The Environment Agency – which claims to put the climate emergency “at the heart of everything we do” – has just 94 pure electric vehicles among its 5,000-plus vans, cars, 4x4s and HGVs. The quango’s £205,000-a-year chief executive Sir James Bevan has previously gone on record saying the organisation has protected the air from pollution and “helped make our country a better place”.
But just seven of its 518 vans are electric powered and only 87 of its fleet of 3,957 cars are pure electric vehicles, it has disclosed.
Out of a total of 5,325, 2,823 (53 per cent) are fuelled with diesel, 950 with petrol, 1,456 are plug-in and hybrid vehicles and just 94 (1.8 per cent) are purely electric.
Diesel exhaust fumes have been linked to an increase in both nitrogen dioxide (NO2) as well as tiny toxic particulates.
In 2018 the Committee on the Medical Effects of Air Pollutants estimated that between 28,000 and 36,000 premature deaths could be linked to air pollution in the UK every year.

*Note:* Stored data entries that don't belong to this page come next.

lemma model_min_distr_powr:
  assumes r: "0 < r" and beta: "0 < beta" and kappa: "kap gamma xi = kappa"
    and min: "is_min (Ixi eta theta gamma beta xi) (Pfrak gamma beta xi) mu"
    and Ixi_eq: "\<And>M. prob_space M \<Longrightarrow> sets M = sets borel \<Longrightarrow> Ixi eta theta gamma beta xi M
        = ennreal (kappa\<^sup>2) * model_I nu phi beta kappa alpha m1 n1 n2 (distr M lborel (\<lambda>x. x powr r))"
  shows "\<exists>\<omega>. model_min nu phi beta kappa alpha m1 n1 n2 r gamma \<omega> \<and> pulled_back mu r \<omega>"
proof (intro exI conjI)
  have "0 < kappa" using is_min_Pfrak_kap_pos[OF min beta] kappa by simp
  have min_PP: "is_min (Ixi eta theta gamma beta xi) (PP (beta * kappa) (exp (- beta * (gamma\<^sup>2 - kappa)))) mu"
    using min unfolding Pfrak_def kappa .
  have "is_min (model_I nu phi beta kappa alpha m1 n1 n2)
      (PP (beta * kappa * r) (exp (- beta * (gamma\<^sup>2 - kappa)) powr r)) (distr mu lborel (\<lambda>x. x powr r))"
    using \<open>0 < kappa\<close> by (intro is_min_distr_powr[OF r _ _ min_PP]) (auto simp: Ixi_eq PP_prob_space PP_sets)
  then show "model_min nu phi beta kappa alpha m1 n1 n2 r gamma (distr mu lborel (\<lambda>x. x powr r))"
    unfolding model_min_def by (simp add: exp_powr_real mult_ac)
  show "pulled_back mu r (distr mu lborel (\<lambda>x. x powr r))"
    using min r by (auto simp: is_min_def Pfrak_def intro: pulled_back_distr_powr)
qed

theorem corollary1p5:
  fixes eta theta gamma beta xi :: real and mu :: "real measure"
  assumes "eta > 0" "theta > 0" "0 < gamma" "gamma < 1" "beta > 0"
    and "- (gamma\<^sup>2) < xi" "xi \<le> 1"
    and "theta \<noteq> eta"
    and "is_min (Ixi eta theta gamma beta xi) (Pfrak gamma beta xi) mu"
    and "\<forall>N. is_min (Ixi eta theta gamma beta xi) (Pfrak gamma beta xi) N \<longrightarrow> N = mu"
  shows
   "(theta > eta \<longrightarrow>
      (xi \<le> 0 \<longrightarrow> (\<exists>\<omega>. model_min (theta/eta) (\<lambda>x. x powr (theta/eta)) beta (gamma\<^sup>2 - \<bar>xi\<bar>) theta
            (\<bar>xi\<bar> / (gamma\<^sup>2 - \<bar>xi\<bar>)) (- \<bar>xi\<bar>) (1 - gamma\<^sup>2) eta gamma \<omega> \<and> pulled_back mu eta \<omega>))
    \<and> (0 < xi \<and> xi \<le> 1 - gamma\<^sup>2 \<longrightarrow> (\<exists>\<omega>. model_min (theta/eta) (\<lambda>x. x powr (theta/eta)) beta (gamma\<^sup>2) theta
            (theta * xi / (eta * gamma\<^sup>2)) 0 (1 - gamma\<^sup>2 - xi) eta gamma \<omega> \<and> pulled_back mu eta \<omega>))
    \<and> (1 - gamma\<^sup>2 < xi \<longrightarrow> (\<exists>\<omega>. model_min (theta/eta) (\<lambda>x. x) beta (1 - xi) eta
            (theta * xi / (eta * (1 - xi))) (1 - gamma\<^sup>2 - xi) 0 eta gamma \<omega> \<and> pulled_back mu eta \<omega>)))
  \<and> (eta > theta \<longrightarrow>
      (xi \<le> 0 \<longrightarrow> (\<exists>\<omega>. model_min (eta/theta) (\<lambda>x. x) beta (gamma\<^sup>2 - \<bar>xi\<bar>) theta
            (\<bar>xi\<bar> * eta / ((gamma\<^sup>2 - \<bar>xi\<bar>) * theta)) (- \<bar>xi\<bar>) (1 - gamma\<^sup>2) theta gamma \<omega> \<and> pulled_back mu theta \<omega>))
    \<and> (0 < xi \<and> xi \<le> 1 - gamma\<^sup>2 \<longrightarrow> (\<exists>\<omega>. model_min (eta/theta) (\<lambda>x. x) beta (gamma\<^sup>2) theta
            (xi / gamma\<^sup>2) 0 (1 - gamma\<^sup>2 - xi) theta gamma \<omega> \<and> pulled_back mu theta \<omega>))
    \<and> (1 - gamma\<^sup>2 < xi \<longrightarrow> (\<exists>\<omega>. model_min (eta/theta) (\<lambda>x. x powr (eta/theta)) beta (1 - xi) eta
            (xi / (1 - xi)) (1 - gamma\<^sup>2 - xi) 0 theta gamma \<omega> \<and> pulled_back mu theta \<omega>)))"
proof -
  note eta = assms(1) and theta = assms(2) and beta = assms(5) and min = assms(9)
  (* Pfrak is empty when kap vanishes, i.e. for xi = 1. *)
  have "0 < kap gamma xi" by (rule is_min_Pfrak_kap_pos[OF min beta])
  moreover have "gamma\<^sup>2 < 1" using assms(3,4) by (simp add: abs_square_less_1)
  ultimately have upper: "0 < xi \<and> xi < 1" if "1 - gamma\<^sup>2 < xi"
    using that by (auto simp: kap_def split: if_splits)
  show ?thesis
    by (intro conjI impI model_min_distr_powr[OF eta beta _ min] model_min_distr_powr[OF theta beta _ min]
        Ixi_push_eta_xi_nonpos Ixi_push_eta_xi_mid Ixi_push_eta_xi_upper
        Ixi_push_theta_xi_nonpos Ixi_push_theta_xi_mid Ixi_push_theta_xi_upper)
      (use assms upper in \<open>auto simp: kap_def\<close>)
qed

end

Greenpeace UK’s Rebecca Newsom said: “Government departments and local authorities should lead by example and support the transition through significantly increasing public procurement of electric vehicles.
“The Environment Agency should be no exception.”
An Environment Agency spokesperson said: “It is our ambition for all our cars to be electric by 2025, as part of the wider aim of becoming a net zero organisation by 2030.
“Our vehicles are selected on the basis of CO2 and nitrogen oxide emissions – as well as operational effectiveness and value for money to the taxpayer.”